Metadata-Version: 2.4
Name: tree-registration-and-matching
Version: 0.1.0
Summary: Algorithms to register or sets of trees or find correspondences between them
License: BSD-3
License-File: LICENSE
Author: David Russell
Author-email: djrussell@ucdavis.edu
Requires-Python: >=3.12
Classifier: License :: Other/Proprietary License
Classifier: Programming Language :: Python :: 3
Classifier: Programming Language :: Python :: 3.12
Classifier: Programming Language :: Python :: 3.13
Classifier: Programming Language :: Python :: 3.14
Requires-Dist: geopandas (>=1.1.1,<2.0.0)
Requires-Dist: ipykernel (>=7.1.0,<8.0.0)
Requires-Dist: matplotlib (>=3.10.7,<4.0.0)
Requires-Dist: rasterio (>=1.5.0,<2.0.0)
Requires-Dist: scikit-image (>=0.26.0,<0.27.0)
Requires-Dist: scipy (==1.15)
Description-Content-Type: text/markdown

# tree-registration-and-matching

## Install

```
conda create -n tree-registration-and-matching python=3.12 -y
conda activate tree-registration-and-matching
```
Install poetry
```
poetry install
```

## Example data
An example benchmark is provided to test registration algorithms and can be downloaded from Box at this [link](https://ucdavis.box.com/v/ofo-tree-registration).
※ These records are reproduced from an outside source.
lemma snake_vertex_bound:
  assumes w: "w \<in> fst (snake_graph ds)" and last: "tile_pos ds (length ds) = (x, y)"
  shows "fst w + snd w \<le> x + y + 2"
    and "fst w + snd w = x + y + 2 \<Longrightarrow> w = (x + 1, y + 1)"
proof -
  obtain i where i: "i \<le> length ds" "w \<in> tile_vertices ds i"
    using w unfolding snake_graph_def by auto
  obtain x' y' where xy': "tile_pos ds i = (x', y')" by fastforce
  have sums: "x' + y' = int i" "x + y = int (length ds)"
    using tile_pos_sum[OF i(1)] tile_pos_sum[of "length ds" ds] xy' last by simp_all
  have w': "w \<in> {(x', y'), (x' + 1, y'), (x', y' + 1), (x' + 1, y' + 1)}"
    using i(2) xy' unfolding tile_vertices_def by simp
  show "fst w + snd w \<le> x + y + 2"
    using w' sums i(1) by auto
  assume "fst w + snd w = x + y + 2"
  then have "i = length ds"
    using w' sums i(1) by auto
  with xy' last have "x' = x" "y' = y" by auto
  with w' sums \<open>fst w + snd w = x + y + 2\<close> show "w = (x + 1, y + 1)"
    by auto
qed

lemma snake_graph_snoc:
  "snake_graph (ds @ [b]) =
    (fst (snake_graph ds) \<union> tile_vertices (ds @ [b]) (Suc (length ds)),
     snd (snake_graph ds) \<union> tile_edges (ds @ [b]) (Suc (length ds)))"
proof -
  have "tile_vertices (ds @ [b]) i = tile_vertices ds i" "tile_edges (ds @ [b]) i = tile_edges ds i"
    if "i \<le> length ds" for i
    using tile_pos_snoc[OF that, of b]
    unfolding tile_vertices_def tile_edges_def side_edge_defs by auto
  then show ?thesis
    unfolding snake_graph_def by (simp add: atMost_Suc Un_commute)
qed

definition final_edge :: "bool list \<Rightarrow> bool \<Rightarrow> pt set" where
  "final_edge ds b = (if b then east_edge ds (length ds) else north_edge ds (length ds))"

lemma final_edge_in_tile_edges: "final_edge ds b \<in> tile_edges ds (length ds)"
  by (simp add: final_edge_def tile_edges_def)

lemma snoc_tile_geometry:
  assumes "tile_pos ds (length ds) = (x, y)"
  obtains p u v where
    "final_edge ds b = {p, (x + 1, y + 1)}" "p \<noteq> (x + 1, y + 1)"
    "tile_vertices (ds @ [b]) (Suc (length ds)) = {p, (x + 1, y + 1), u, v}"
    "tile_edges (ds @ [b]) (Suc (length ds)) = {{p, (x + 1, y + 1)}, {u, v}, {p, u}, {(x + 1, y + 1), v}}"
    "\<And>b'. final_edge (ds @ [b]) b' = (if b = b' then {u, v} else {(x + 1, y + 1), v})"
    "fst u + snd u = x + y + 2" "u \<noteq> (x + 1, y + 1)" "fst v + snd v = x + y + 3"
proof -
  have old: "tile_pos (ds @ [b]) (length ds) = (x, y)"
    using assms tile_pos_snoc[of "length ds" ds b] by simp
  have new: "tile_pos (ds @ [b]) (Suc (length ds)) = (if b then (x + 1, y) else (x, y + 1))"
    using tile_pos_Suc[of "length ds" "ds @ [b]"] old by simp
  show ?thesis
  proof (cases b)
    case True
    with new have "tile_pos (ds @ [b]) (Suc (length ds)) = (x + 1, y)"
      by simp
    with True assms show ?thesis
      by (intro that[of "(x + 1, y)" "(2 + x, y)" "(2 + x, y + 1)"])
        (simp_all add: final_edge_def tile_vertices_def tile_edges_def side_edge_defs insert_commute)
  next
    case False
    with new have "tile_pos (ds @ [b]) (Suc (length ds)) = (x, y + 1)"
      by simp
    with False assms show ?thesis
      by (intro that[of "(x, y + 1)" "(x, 2 + y)" "(x + 1, 2 + y)"])
        (simp_all add: final_edge_def tile_vertices_def tile_edges_def side_edge_defs insert_commute)
  qed
qed

lemma snake_graph_snoc_glue:
  obtains p q u v where
    "snake_graph (ds @ [b]) =
       (fst (snake_graph ds) \<union> {u, v}, snd (snake_graph ds) \<union> {{u, v}, {p, u}, {q, v}})"
    "final_edge ds b = {p, q}"
    "\<And>b'. final_edge (ds @ [b]) b' = (if b = b' then {u, v} else {q, v})"
    "u \<notin> fst (snake_graph ds)" "v \<notin> fst (snake_graph ds)" "u \<noteq> v"
    "p \<in> fst (snake_graph ds)" "q \<in> fst (snake_graph ds)" "p \<noteq> q"
proof -
  obtain x y where last: "tile_pos ds (length ds) = (x, y)" by fastforce
  let ?q = "(x + 1, y + 1)"
  obtain p u v where edge: "final_edge ds b = {p, ?q}" "p \<noteq> ?q"
    and tile: "tile_vertices (ds @ [b]) (Suc (length ds)) = {p, ?q, u, v}"
      "tile_edges (ds @ [b]) (Suc (length ds)) = {{p, ?q}, {u, v}, {p, u}, {?q, v}}"
    and final: "\<And>b'. final_edge (ds @ [b]) b' = (if b = b' then {u, v} else {?q, v})"
    and sums: "fst u + snd u = x + y + 2" "u \<noteq> ?q" "fst v + snd v = x + y + 3"
    by (rule snoc_tile_geometry[OF last, where b = b]) (rule that, assumption+)
  have "final_edge ds b \<in> snd (snake_graph ds)" "final_edge ds b \<subseteq> fst (snake_graph ds)"
    using final_edge_in_tile_edges[of ds b] tile_edge_subset_vertices[of _ ds "length ds"]
    unfolding snake_graph_def by auto
  then have old: "{p, ?q} \<in> snd (snake_graph ds)" "p \<in> fst (snake_graph ds)" "?q \<in> fst (snake_graph ds)"
    unfolding edge by auto
  have fresh: "u \<notin> fst (snake_graph ds)" "v \<notin> fst (snake_graph ds)"
    using snake_vertex_bound[OF _ last] sums by fastforce+
  have "snake_graph (ds @ [b]) =
      (fst (snake_graph ds) \<union> {u, v}, snd (snake_graph ds) \<union> {{u, v}, {p, u}, {?q, v}})"
    unfolding snake_graph_snoc tile using old by blast
  moreover have "u \<noteq> v"
    using sums by auto
  ultimately show ?thesis
    using that[of u v p ?q] edge final fresh old by blast
qed
lemma max_face_eq_singleton_imp_interior_normal_cone:
  fixes P :: "'a::euclidean_space set"
  assumes "polytope P" "max_face P c = {a}"
  shows "c \<in> interior (normal_cone P {a})"
proof -
  have "P \<noteq> {}"
    using assms(2) max_face_subset by blast
  then have "max_face P c' \<noteq> {}" for c'
    using max_face_nonempty assms(1) polytope_imp_compact by blast
  then have "max_face P c' \<subseteq> {a} \<Longrightarrow> c' \<in> normal_cone P {a}" for c'
    by (simp add: normal_cone_def subset_singleton_iff)
  then have "eventually (\<lambda>c'. c' \<in> normal_cone P {a}) (nhds c)"
    using eventually_max_face_subset[OF assms(1), of c] assms(2) eventually_mono by force
  then obtain S where "open S" "c \<in> S" "S \<subseteq> normal_cone P {a}"
    unfolding eventually_nhds by blast
  then show ?thesis
    by (rule interiorI)
qed

lemma line_sphere_intersection:
  fixes p q :: "'a::real_inner"
  assumes "norm p = r" "norm q = r" "norm (p + \<mu> *\<^sub>R (q - p)) = r" "p \<noteq> q"
  shows "\<mu> = 0 \<or> \<mu> = 1"
proof -
  define d where "d = q - p"
  have "(p + d) \<bullet> (p + d) = p \<bullet> p" "(p + \<mu> *\<^sub>R d) \<bullet> (p + \<mu> *\<^sub>R d) = p \<bullet> p"
    using assms(1-3) by (simp_all add: d_def dot_square_norm)
  then have "2 * (p \<bullet> d) = - (d \<bullet> d)" "2 * \<mu> * (p \<bullet> d) + \<mu> * \<mu> * (d \<bullet> d) = 0"
    by (simp_all add: inner_add_left inner_add_right inner_commute algebra_simps)
  then have "\<mu> * (\<mu> - 1) * (d \<bullet> d) = 0"
    by (simp add: algebra_simps)
  moreover have "d \<bullet> d \<noteq> 0"
    using assms(4) by (simp add: d_def)
  ultimately show ?thesis
    by simp
qed

lemma sphere_three_points_affinely_independent:
  fixes p q s :: "'a::real_inner"
  assumes "norm p = r" "norm q = r" "norm s = r" "p \<noteq> q" "p \<noteq> s" "q \<noteq> s"
    and "\<alpha> *\<^sub>R (q - p) + \<beta> *\<^sub>R (s - p) = 0"
  shows "\<alpha> = 0 \<and> \<beta> = 0"
proof (cases "\<beta> = 0")
  case True
  then show ?thesis
    using assms(4,7) by simp
next
  case False
  have "\<beta> *\<^sub>R (s - p) = (- \<alpha>) *\<^sub>R (q - p)"
    using assms(7) by (simp add: add_eq_0_iff2 add.commute)
  define \<mu> where "\<mu> = - \<alpha> / \<beta>"
  have "s - p = inverse \<beta> *\<^sub>R (\<beta> *\<^sub>R (s - p))"
    using False by simp
  also have "\<dots> = \<mu> *\<^sub>R (q - p)"
    using \<open>\<beta> *\<^sub>R (s - p) = _\<close> by (simp add: \<mu>_def divide_inverse_commute)
  finally have s: "s = p + \<mu> *\<^sub>R (q - p)"
    by (metis add.commute diff_add_cancel)
  have "norm (p + \<mu> *\<^sub>R (q - p)) = r"
    using assms(3) s by simp
  then have "\<mu> = 0 \<or> \<mu> = 1"
    using line_sphere_intersection[OF assms(1,2) _ assms(4)] by blast
  then have "s = p \<or> s = q"
    using s by auto
  then show ?thesis
    using assms(5,6) by auto
qed

lemma orthogonal_near_imp_parallel:
  fixes c d y :: "'a::real_inner"
  assumes "c \<bullet> d = 0" "eventually (\<lambda>c'. c' \<bullet> d = 0 \<longrightarrow> c' \<bullet> y = 0) (nhds c)"
  shows "\<exists>k. y = k *\<^sub>R d"
proof -
  obtain e where e: "e > 0" "\<And>c'. dist c' c < e \<Longrightarrow> c' \<bullet> d = 0 \<longrightarrow> c' \<bullet> y = 0"
    using assms(2) unfolding eventually_nhds_metric by blast
  have "c \<bullet> y = 0"
    using e assms(1) by simp
  define w where "w = y - ((y \<bullet> d) / (d \<bullet> d)) *\<^sub>R d"
  have "w \<bullet> d = 0"
    by (cases "d = 0") (simp_all add: w_def inner_diff_left)
  have "w = 0"
  proof (rule ccontr)
    assume "w \<noteq> 0"
    define c' where "c' = c + (e / 2 / norm w) *\<^sub>R w"
    have "dist c' c < e" "c' \<bullet> d = 0"
      using \<open>w \<noteq> 0\<close> e(1) assms(1) \<open>w \<bullet> d = 0\<close> by (simp_all add: c'_def dist_norm inner_add_left)
    then have "c' \<bullet> y = 0"
      using e(2) by blast
    then have "w \<bullet> y = 0"
      using \<open>c \<bullet> y = 0\<close> \<open>w \<noteq> 0\<close> e(1) by (simp add: c'_def inner_add_left)
    then have "w \<bullet> w = 0"
      using \<open>w \<bullet> d = 0\<close> by (simp add: w_def inner_diff_right inner_commute)
    then show False
      using \<open>w \<noteq> 0\<close> by simp
  qed
  then have "y = ((y \<bullet> d) / (d \<bullet> d)) *\<^sub>R d"
    by (simp add: w_def)
  then show ?thesis
    by (rule exI)
qed

lemma eventually_in_normal_cone_if_segment:
  fixes P :: "'a::euclidean_space set"
  assumes "polytope P" "max_face P c = closed_segment a b"
  shows "eventually (\<lambda>c'. c' \<bullet> (b - a) = 0 \<longrightarrow> c' \<in> normal_cone P (max_face P c)) (nhds c)"
  using eventually_max_face_subset[OF assms(1), of c]
proof eventually_elim
  case (elim c')
  show ?case
  proof
    assume c': "c' \<bullet> (b - a) = 0"
    have const: "c' \<bullet> y = c' \<bullet> a" if y: "y \<in> closed_segment a b" for y
    proof -
      obtain u where "y = (1 - u) *\<^sub>R a + u *\<^sub>R b"
        using y by (auto simp: in_segment)
      then have "y = a + u *\<^sub>R (b - a)"
        by (simp add: algebra_simps)
      then show ?thesis
        using c' by (simp add: inner_add_right)
    qed
    have "a \<in> max_face P c"
      using assms(2) by simp
    then have "P \<noteq> {}"
      using max_face_subset by blast
    then obtain z where z: "z \<in> max_face P c'"
      using max_face_nonempty[OF polytope_imp_compact[OF assms(1)], of c'] by auto
    have "y \<in> max_face P c'" if y: "y \<in> max_face P c" for y
    proof -
      have "z \<in> closed_segment a b" "y \<in> closed_segment a b"
        using z y elim assms(2) by auto
      then have "c' \<bullet> y = c' \<bullet> z"
        using const by metis
      then show ?thesis
        using y z max_face_subset by (auto simp: max_face_def)
    qed
    then show "c' \<in> normal_cone P (max_face P c)"
      by (auto simp: normal_cone_def)
  qed
qed

lemma extreme_point_max_face_if_segment:
  fixes P P' :: "'a::euclidean_space set"
  assumes "polytope P" "polytope P'"
    and rP: "\<forall>x. x extreme_point_of P \<longrightarrow> norm x = r"
    and rP': "\<forall>x. x extreme_point_of P' \<longrightarrow> norm x = r"
    and N: "normal_cone P (max_face P c) = normal_cone P' (max_face P' c)"
    and F: "max_face P c = closed_segment a b" and a: "a \<in> max_face P' c" and "a \<noteq> b"
    and x: "x extreme_point_of max_face P' c"
  shows "x = a \<or> x = b"
proof -
  have "y extreme_point_of max_face P c" if "y \<in> {a, b}" for y
    using that by (auto simp: F extreme_point_of_segment)
  then have "y extreme_point_of P" if "y \<in> {a, b}" for y
    using that extreme_point_of_face[OF polytope_max_face(1)[OF assms(1)]] by blast
  then have norm_ab: "norm a = r" "norm b = r"
    using rP by auto
  have x': "x extreme_point_of P'" "x \<in> max_face P' c"
    using x extreme_point_of_face[OF polytope_max_face(1)[OF assms(2)]] by auto
  have "c \<bullet> (b - a) = 0"
    using max_face_inner_eq[of b P c a] F by (simp add: inner_diff_right)
  then have "\<exists>k. x - a = k *\<^sub>R (b - a)"
  proof (rule orthogonal_near_imp_parallel)
    show "eventually (\<lambda>c'. c' \<bullet> (b - a) = 0 \<longrightarrow> c' \<bullet> (x - a) = 0) (nhds c)"
      using eventually_in_normal_cone_if_segment[OF assms(1) F]
    proof eventually_elim
      case (elim c')
      then show ?case
        using normal_cone_inner_eq[of c' P' "max_face P' c" x a] N x'(2) a
        by (auto simp: inner_diff_right)
    qed
  qed
  then obtain k where k: "x = a + k *\<^sub>R (b - a)"
    by (metis add.commute diff_add_cancel)
  then have "k = 0 \<or> k = 1"
    using line_sphere_intersection[OF norm_ab _ \<open>a \<noteq> b\<close>] rP' x'(1) by simp
  then show ?thesis
    using k by auto
qed
lemma sum_swap_gain_sq_exp_le:
  assumes "n \<ge> 1" "\<theta> \<ge> 0" "i \<in> {1..n}" "j \<in> {1..n}"
  shows "real (n * (n - 1)) * (\<Sum>\<pi>\<in>{\<pi>. \<pi> permutes {1..n}}. (swap_gain a i j (\<pi> i) (\<pi> j))\<^sup>2 * exp (\<theta> * perm_dev n a \<pi>))
    \<le> exp (8 * norm_A n a * \<theta>) * (\<Sum>\<pi>\<in>{\<pi>. \<pi> permutes {1..n}}. exp (\<theta> * perm_dev n a \<pi>))
      * (\<Sum>k=1..n. \<Sum>l=1..n. (swap_gain a i j k l)\<^sup>2)"
proof (cases "i = j")
  case False
  let ?e = "\<lambda>\<pi>. exp (\<theta> * perm_dev n a \<pi>)"
  let ?M = "exp (8 * norm_A n a * \<theta>) * (\<Sum>\<pi>\<in>{\<pi>. \<pi> permutes {1..n}}. ?e \<pi>)"
  let ?G = "\<lambda>kl. (swap_gain a i j (fst kl) (snd kl))\<^sup>2"
  have "real (n * (n - 1)) * (\<Sum>\<pi>\<in>{\<pi>. \<pi> permutes {1..n}}. (swap_gain a i j (\<pi> i) (\<pi> j))\<^sup>2 * ?e \<pi>)
      = (\<Sum>kl\<in>off_diagonal n. ?G kl * (real (n * (n - 1)) * (\<Sum>\<pi>\<in>perm_fiber n i j kl. ?e \<pi>)))"
    unfolding sum_perm_fibers[OF assms(3,4) False, symmetric] sum_distrib_left
    by (intro sum.cong refl) (auto simp: perm_fiber_def algebra_simps)
  also have "\<dots> \<le> (\<Sum>kl\<in>off_diagonal n. ?G kl * ?M)"
    using assms False by (intro sum_mono mult_left_mono card_mult_sum_perm_fiber_exp_le) auto
  also have "\<dots> \<le> (\<Sum>kl\<in>{1..n} \<times> {1..n}. ?G kl) * ?M"
    unfolding sum_distrib_right[symmetric]
    by (intro mult_right_mono sum_mono2) (auto simp: off_diagonal_def intro!: sum_nonneg mult_nonneg_nonneg)
  finally show ?thesis
    by (simp add: sum.cartesian_product case_prod_beta mult.commute)
qed (simp add: sum_nonneg)

lemma sum_sum_square_diff:
  fixes z :: "'a \<Rightarrow> real"
  assumes "finite K" "K \<noteq> {}"
  shows "(\<Sum>k\<in>K. \<Sum>l\<in>K. (z k - z l)\<^sup>2) = 2 * real (card K) * (\<Sum>k\<in>K. (z k - (\<Sum>x\<in>K. z x) / card K)\<^sup>2)"
proof -
  let ?N = "real (card K)" and ?s = "\<Sum>x\<in>K. z x" and ?q = "\<Sum>x\<in>K. (z x)\<^sup>2"
  have "?N > 0"
    using assms by (simp add: card_gt_0_iff)
  have "(\<Sum>k\<in>K. \<Sum>l\<in>K. (z k - z l)\<^sup>2) = (\<Sum>k\<in>K. \<Sum>l\<in>K. (z k)\<^sup>2 + (z l)\<^sup>2 - 2 * z k * z l)"
    by (simp add: power2_eq_square algebra_simps)
  also have "\<dots> = 2 * ?N * ?q - 2 * ?s\<^sup>2"
    by (simp add: sum.distrib sum_subtractf sum_distrib_left[symmetric] sum_distrib_right[symmetric]
        power2_eq_square algebra_simps) (simp add: sum_distrib_left algebra_simps)
  also have "\<dots> = 2 * ?N * (?q - ?s\<^sup>2 / ?N)"
    using \<open>?N > 0\<close> by (simp add: field_simps)
  also have "?q - ?s\<^sup>2 / ?N = ?q - 2 * (?s / ?N) * ?s + ?N * (?s / ?N)\<^sup>2"
    using \<open>?N > 0\<close> by (simp add: field_simps power2_eq_square)
  also have "\<dots> = (\<Sum>k\<in>K. (z k)\<^sup>2 - 2 * (?s / ?N) * z k + (?s / ?N)\<^sup>2)"
    by (simp add: sum.distrib sum_subtractf sum_distrib_left)
  also have "\<dots> = (\<Sum>k\<in>K. (z k - ?s / ?N)\<^sup>2)"
    by (simp add: power2_eq_square algebra_simps)
  finally show ?thesis .
qed

lemma sum_sq_swap_gain_cols:
  assumes "n \<ge> 1"
  shows "(\<Sum>k=1..n. \<Sum>l=1..n. (swap_gain a i j k l)\<^sup>2)
    = 2 * real n * (\<Sum>k=1..n. ((a i k - row_mean n a i) - (a j k - row_mean n a j))\<^sup>2)"
proof -
  let ?z = "\<lambda>k. a i k - a j k"
  have "(\<Sum>k=1..n. \<Sum>l=1..n. (swap_gain a i j k l)\<^sup>2) = (\<Sum>k=1..n. \<Sum>l=1..n. (?z k - ?z l)\<^sup>2)"
    by (simp add: swap_gain_def algebra_simps)
  also have "\<dots> = 2 * real n * (\<Sum>k=1..n. (?z k - (\<Sum>x=1..n. ?z x) / real n)\<^sup>2)"
    using sum_sum_square_diff[of "{1..n}" ?z] assms by simp
  also have "(\<Sum>x=1..n. ?z x) / real n = row_mean n a i - row_mean n a j"
    by (simp add: row_mean_def sum_subtractf diff_divide_distrib)
  finally show ?thesis
    by (simp add: algebra_simps)
qed

lemma sum_sq_centred_rows:
  assumes "n \<ge> 1"
  shows "(\<Sum>i=1..n. \<Sum>j=1..n. ((a i k - row_mean n a i) - (a j k - row_mean n a j))\<^sup>2)
    = 2 * real n * (\<Sum>i=1..n. (a i k - row_mean n a i - col_mean n a k + tot_mean n a)\<^sup>2)"
proof -
  let ?e = "\<lambda>i. a i k - row_mean n a i"
  have "(\<Sum>x=1..n. row_mean n a x) = (\<Sum>x=1..n. \<Sum>y=1..n. a x y) / real n"
    by (simp add: row_mean_def sum_divide_distrib)
  then have mean: "(\<Sum>x=1..n. ?e x) / real n = col_mean n a k - tot_mean n a"
    using assms by (simp add: col_mean_def tot_mean_def sum_subtractf diff_divide_distrib power2_eq_square)
  have "(\<Sum>i=1..n. \<Sum>j=1..n. (?e i - ?e j)\<^sup>2) = 2 * real n * (\<Sum>i=1..n. (?e i - (\<Sum>x=1..n. ?e x) / real n)\<^sup>2)"
    using sum_sum_square_diff[of "{1..n}" ?e] assms by simp
  then show ?thesis
    unfolding mean by (simp add: algebra_simps)
qed

lemma sum_sq_swap_gain:
  assumes "n \<ge> 2"
  shows "(\<Sum>i=1..n. \<Sum>j=1..n. \<Sum>k=1..n. \<Sum>l=1..n. (swap_gain a i j k l)\<^sup>2)
    = 4 * (real n)\<^sup>2 * (real n - 1) * sigma2_A n a"
proof -
  let ?e = "\<lambda>i k. a i k - row_mean n a i"
  let ?r = "\<lambda>i k. a i k - row_mean n a i - col_mean n a k + tot_mean n a"
  have "(\<Sum>i=1..n. \<Sum>j=1..n. \<Sum>k=1..n. \<Sum>l=1..n. (swap_gain a i j k l)\<^sup>2)
      = 2 * real n * (\<Sum>i=1..n. \<Sum>j=1..n. \<Sum>k=1..n. (?e i k - ?e j k)\<^sup>2)"
    using assms by (simp only: sum_sq_swap_gain_cols[of n] sum_distrib_left)
  also have "(\<Sum>i=1..n. \<Sum>j=1..n. \<Sum>k=1..n. (?e i k - ?e j k)\<^sup>2)
      = (\<Sum>i=1..n. \<Sum>k=1..n. \<Sum>j=1..n. (?e i k - ?e j k)\<^sup>2)"
    by (rule sum.cong[OF refl], rule sum.swap)
  also have "\<dots> = (\<Sum>k=1..n. \<Sum>i=1..n. \<Sum>j=1..n. (?e i k - ?e j k)\<^sup>2)"
    by (rule sum.swap)
  also have "\<dots> = 2 * real n * (\<Sum>k=1..n. \<Sum>i=1..n. (?r i k)\<^sup>2)"
    using assms by (simp only: sum_sq_centred_rows[of n] sum_distrib_left)
  also have "(\<Sum>k=1..n. \<Sum>i=1..n. (?r i k)\<^sup>2) = (real n - 1) * sigma2_A n a"
    using assms by (subst sum.swap) (simp add: sigma2_A_def)
  finally show ?thesis
    by (simp add: power2_eq_square algebra_simps)
qed

lemma sum_swap_gain_exp_le:
  assumes "i \<in> {1..n}" "j \<in> {1..n}" "\<theta> \<ge> 0"
  shows "(\<Sum>\<pi>\<in>{\<pi>. \<pi> permutes {1..n}}. swap_gain a i j (\<pi> i) (\<pi> j) * exp (\<theta> * perm_dev n a \<pi>))
    \<le> \<theta> / 2 * (\<Sum>\<pi>\<in>{\<pi>. \<pi> permutes {1..n}}. (swap_gain a i j (\<pi> i) (\<pi> j))\<^sup>2 * exp (\<theta> * perm_dev n a \<pi>))"
proof (rule exchangeable_pair_bound[OF _ assms(3)])
  let ?t = "Transposition.transpose i j"
  have "?t permutes {1..n}"
    using assms(1,2) by (rule permutes_swap_id)
  then show "bij_betw (\<lambda>\<pi>. \<pi> \<circ> ?t) {\<pi>. \<pi> permutes {1..n}} {\<pi>. \<pi> permutes {1..n}}"
    by (intro bij_betw_byWitness[where f' = "\<lambda>\<pi>. \<pi> \<circ> ?t"])
       (auto simp: comp_assoc intro: permutes_compose)
  show "perm_dev n a (\<pi> \<circ> ?t) = perm_dev n a \<pi> - swap_gain a i j (\<pi> i) (\<pi> j)" for \<pi>
    using perm_stat_compose_transpose[OF assms(1,2)] by (simp add: perm_dev_def)
  show "swap_gain a i j ((\<pi> \<circ> ?t) i) ((\<pi> \<circ> ?t) j) = - swap_gain a i j (\<pi> i) (\<pi> j)" for \<pi>
    by (simp add: swap_gain_def)
qed

lemma sum_perm_dev_exp_le_swap_gains:
  assumes "n \<ge> 1" "\<theta> \<ge> 0"
  shows "2 * real n * (\<Sum>\<pi>\<in>{\<pi>. \<pi> permutes {1..n}}. perm_dev n a \<pi> * exp (\<theta> * perm_dev n a \<pi>))
    \<le> \<theta> / 2 * (\<Sum>i=1..n. \<Sum>j=1..n. \<Sum>\<pi>\<in>{\<pi>. \<pi> permutes {1..n}}.
          (swap_gain a i j (\<pi> i) (\<pi> j))\<^sup>2 * exp (\<theta> * perm_dev n a \<pi>))"
proof -
  let ?P = "{\<pi>. \<pi> permutes {1..n}}"
  let ?e = "\<lambda>\<pi>. exp (\<theta> * perm_dev n a \<pi>)"
  let ?G = "\<lambda>i j \<pi>. swap_gain a i j (\<pi> i) (\<pi> j)"
  have "2 * real n * (\<Sum>\<pi>\<in>?P. perm_dev n a \<pi> * ?e \<pi>) = (\<Sum>\<pi>\<in>?P. (2 * real n * perm_dev n a \<pi>) * ?e \<pi>)"
    by (simp add: sum_distrib_left mult.assoc)
  also have "\<dots> = (\<Sum>\<pi>\<in>?P. (\<Sum>i=1..n. \<Sum>j=1..n. ?G i j \<pi>) * ?e \<pi>)"
    using assms(1) by (intro sum.cong refl) (simp only: sum_swap_gain mem_Collect_eq)
  also have "\<dots> = (\<Sum>i=1..n. \<Sum>j=1..n. \<Sum>\<pi>\<in>?P. ?G i j \<pi> * ?e \<pi>)"
    by (simp only: sum_distrib_right) (subst sum.swap, rule sum.cong[OF refl], rule sum.swap)
  also have "\<dots> \<le> (\<Sum>i=1..n. \<Sum>j=1..n. \<theta> / 2 * (\<Sum>\<pi>\<in>?P. (?G i j \<pi>)\<^sup>2 * ?e \<pi>))"
    using assms(2) by (intro sum_mono sum_swap_gain_exp_le) auto
  finally show ?thesis
    by (simp only: sum_distrib_left)
qed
This dataset consists of data from 232 drone imagery collections and corresponding field reference information. The field reference information was manually registered to the CHM product for each dataset. The data should be downloaded and placed inside of the `data` folder in this repository (`tree-registration-and-matching/data/ofo-tree-registration`). You can download a subset of the CHM products to save space and time if desired; all other files are small.
* **CHMs:** The drone images were registered together using photogrammetry (Agisoft Metashape). This produces a digital surface model (DSM; top of canopy) and digital terrain model (DTM; bare earth model) for each site. Taking the differece of the two we obtain a raster representing the estimated canopy height model (CHM). This is cropped to a buffer of 50 meters around the region which was surveyed. The data is provided as a geotiff file (`.tif`) which encodes the spatial location of the data.
* **detected-trees.gpkg:** This is a geospatial vector file containing the point locations of individual detected trees. These were identified from the CHM using a variable radius maximum filter, implemented in the [Tree Detection Framework](https://github.com/open-forest-observatory/tree-detection-framework/blob/35c8020f86a6f51c582962298ee37ab9acdcfd21/tree_detection_framework/detection/detector.py#L478).
* **field_trees.gpkg:** The locations of trees observed from ground surveys. This is provided as a geospatial vector file where each point represents a single tree. Many attributes from the field survey are provided but are not used in most registration approaches. The `dataset_id` field denotes which CHM the tree should be paired with and the `height` field represents the field-measured height (m). The data has undergone some pre-processing to reduce it to only trees that are expected to be visible from above. First, all trees that are dead (`live_dead == 'D'`) are removed since dead trees are reconstructed poorly by photogrammetry. Then trees are removed if they are likely to be under another larger tree. Starting with the tallest tree, any shorter trees are removed if they are within `1 + 0.1 * height (m)` of the tall tree. This process is repeated for all trees from tallest to shortest.
Finally, height is imputed for all trees that do not have a field-measured value. This is done using an allometric equation fit on the diameter at breast height (DBH) value which is recorded for all trees. Using the trees in the dataset which have both DBH and height we fit the following allometric function: $H = 1.3 + e ^ (-0.314 + 0.846 log_e(DBH))$ to find the height in meters.
* **plot_bounds.gpkg:** The region surveyed in field represented as polygon vector data. The `dataset_id` column denotes which CHM and field trees the data should be paired with.
* **shift_quality.json:** This is a mapping from `dataset_id` to a number from 1-4. The latter is a quality score, with 4 being the highest. This takes into account how accurate the field survey appeared to be when compared to the CHM data. Furthermore, it also represents how confident a human annotator was in finding the correct shift for that dataset.
* **shfts_per_dataset.json:** All of the field trees and plot bounds have been shifted so that they align as well as possible with the CHM, as determined by a human annotator. This shift, represented as an (x, y) shift in meters in the `EPSG:26910` coordinate frame, represents how much the data needed to be shifted by. Since the provided trees and plot bounds are already shifted, you must apply the negative of this value to get the initial location of the trees and plots.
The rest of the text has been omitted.